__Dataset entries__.
=-=-=

(* Let $R$ be a commutative ring. Let $A, A', N, N'$ be $R$-modules and let $\alpha : A \to N$, $\beta : N \to A$, $\alpha' : A' \to N'$ and $f : A \to A'$ be $R$-module morphisms. Let $V \subset N$ and $V' \subset N'$ be submodules such that $(\alpha' \circ f \circ \beta)(V) \subset V'$ and $(\alpha \circ \beta)(V) \subset V$. Suppose that the restriction $\alpha \circ \beta : V \to V$ is invertible. Then there exists a unique $R$-linear map $\tilde{f} : V \to V'$ such that $\tilde{f}(\alpha(x)) = \alpha'(f(x))$ for all $x \in \beta(V)$.
   Context: In the paper this is applied with $A = Z(M)$, $A' = Z(M')$, $f = Z(W)$ for a bordism $W : M \to M'$ and a TQFT $Z$ valued in $R$-modules, $\alpha = \alpha_M$, $\beta = \beta_M$, $\alpha' = \alpha_{M'}$, $V = V_M$, $V' = V_{M'}$; the statement above is the purely module-theoretic content. *)

theory Defs
  imports Main "HOL.Modules"
begin

text \<open>Maps are represented
  by total HOL functions; only their values on V matter.\<close>
definition linear_map_between ::
  "('r::comm_ring_1 \<Rightarrow> 'm::ab_group_add \<Rightarrow> 'm) \<Rightarrow> ('r \<Rightarrow> 'n::ab_group_add \<Rightarrow> 'n)
   \<Rightarrow> 'm set \<Rightarrow> 'n set \<Rightarrow> ('m \<Rightarrow> 'n) \<Rightarrow> bool" where
  "linear_map_between s1 s2 V V' g \<longleftrightarrow>
     (\<forall>x\<in>V. g x \<in> V') \<and>
     (\<forall>x\<in>V. \<forall>y\<in>V. g (x + y) = g x + g y) \<and>
     (\<forall>c. \<forall>x\<in>V. g (s1 c x) = s2 c (g x))"

end

theory Submission
  imports Defs
begin

text \<open>On \<open>V\<close> the required map is forced to be \<open>\<alpha>' \<circ> f \<circ> \<beta> \<circ> (\<alpha> \<circ> \<beta>)\<^sup>-\<^sup>1\<close>:
  since \<open>\<alpha> \<circ> \<beta>\<close> maps \<open>V\<close> onto itself, every \<open>v \<in> V\<close> is \<open>\<alpha> x\<close> for some \<open>x \<in> \<beta> ` V\<close>,
  which gives uniqueness, and the inverse of a linear bijection is linear, which gives
  existence.\<close>

lemma linear_map_between_inv_into:
  assumes "module_hom s1 s2 p" and sub: "module.subspace s1 V"
    and bij: "bij_betw p V W"
  shows "linear_map_between s2 s1 W V (inv_into V p)"
proof -
  interpret module_hom s1 s2 p by fact
  have inv_p: "inv_into V p (p x) = x" if "x \<in> V" for x
    using bij that by (simp add: bij_betw_inv_into_left)
  have preimage: "\<exists>a\<in>V. x = p a" if "x \<in> W" for x
    using bij that by (auto simp: bij_betw_def)
  show ?thesis
    unfolding linear_map_between_def
  proof (intro conjI ballI allI)
    fix x assume "x \<in> W"
    then show "inv_into V p x \<in> V"
      using bij by (metis bij_betw_imp_surj_on inv_into_into)
  next
    fix x y assume "x \<in> W" "y \<in> W"
    then obtain a b where "a \<in> V" "b \<in> V" "x = p a" "y = p b"
      using preimage by blast
    then show "inv_into V p (x + y) = inv_into V p x + inv_into V p y"
      using sub by (simp add: inv_p m1.subspace_add flip: add)
  next
    fix c x assume "x \<in> W"
    then obtain a where "a \<in> V" "x = p a"
      using preimage by blast
    then show "inv_into V p (s2 c x) = s1 c (inv_into V p x)"
      using sub by (simp add: inv_p m1.subspace_scale flip: scale)
  qed
qed

lemma linear_map_between_comp_module_hom:
  assumes "linear_map_between s1 s2 V W g" and "module_hom s2 s3 h" and "h ` W \<subseteq> U"
  shows "linear_map_between s1 s3 V U (h \<circ> g)"
proof -
  interpret module_hom s2 s3 h by fact
  show ?thesis
    using assms(1,3) by (auto simp: linear_map_between_def add scale)
qed

theorem mainTheorem1:
  fixes sA :: "'r::comm_ring_1 \<Rightarrow> 'a::ab_group_add \<Rightarrow> 'a"
    and sA' :: "'r \<Rightarrow> 'a2::ab_group_add \<Rightarrow> 'a2"
    and sN :: "'r \<Rightarrow> 'n::ab_group_add \<Rightarrow> 'n"
    and sN' :: "'r \<Rightarrow> 'n2::ab_group_add \<Rightarrow> 'n2"
    and \<alpha> :: "'a \<Rightarrow> 'n" and \<beta> :: "'n \<Rightarrow> 'a"
    and \<alpha>' :: "'a2 \<Rightarrow> 'n2" and f :: "'a \<Rightarrow> 'a2"
    and V :: "'n set" and V' :: "'n2 set"
  assumes "module sA" and "module sA'" and "module sN" and "module sN'"
    and "module_hom sA sN \<alpha>" and "module_hom sN sA \<beta>"
    and "module_hom sA' sN' \<alpha>'" and "module_hom sA sA' f"
    and "module.subspace sN V" and "module.subspace sN' V'"
    and "(\<alpha>' \<circ> f \<circ> \<beta>) ` V \<subseteq> V'"
    and "(\<alpha> \<circ> \<beta>) ` V \<subseteq> V"
    and "bij_betw (\<alpha> \<circ> \<beta>) V V"
  shows "\<exists>g. linear_map_between sN sN' V V' g
             \<and> (\<forall>x\<in>\<beta> ` V. g (\<alpha> x) = \<alpha>' (f x))
             \<and> (\<forall>h. linear_map_between sN sN' V V' h
                    \<and> (\<forall>x\<in>\<beta> ` V. h (\<alpha> x) = \<alpha>' (f x))
                    \<longrightarrow> (\<forall>v\<in>V. h v = g v))"
proof -
  define q where "q = inv_into V (\<alpha> \<circ> \<beta>)"
  define g where "g = (\<alpha>' \<circ> f \<circ> \<beta>) \<circ> q"
  have "module_hom sN sN (\<alpha> \<circ> \<beta>)" and "module_hom sN sN' (\<alpha>' \<circ> f \<circ> \<beta>)"
    using assms(5-8) by (auto intro: module_hom_compose)
  then have lin: "linear_map_between sN sN' V V' g"
    unfolding g_def q_def using assms(9,11,13)
    by (blast intro: linear_map_between_comp_module_hom linear_map_between_inv_into)
  have factors: "\<forall>x\<in>\<beta> ` V. g (\<alpha> x) = \<alpha>' (f x)"
    using bij_betw_inv_into_left[OF assms(13)] by (auto simp: g_def q_def)
  have onto: "V = \<alpha> ` \<beta> ` V"
    using assms(13) by (simp add: bij_betw_def image_comp)
  have "\<forall>v\<in>V. h v = g v" if "\<forall>x\<in>\<beta> ` V. h (\<alpha> x) = \<alpha>' (f x)" for h
    using that factors by (subst onto) auto
  then show ?thesis
    using lin factors by blast
qed

end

=-=-=

__Assignment__. Please copy every line in the entries where "imports" appears.

__Problem solution__.
  imports Main "HOL.Modules"
  imports Defs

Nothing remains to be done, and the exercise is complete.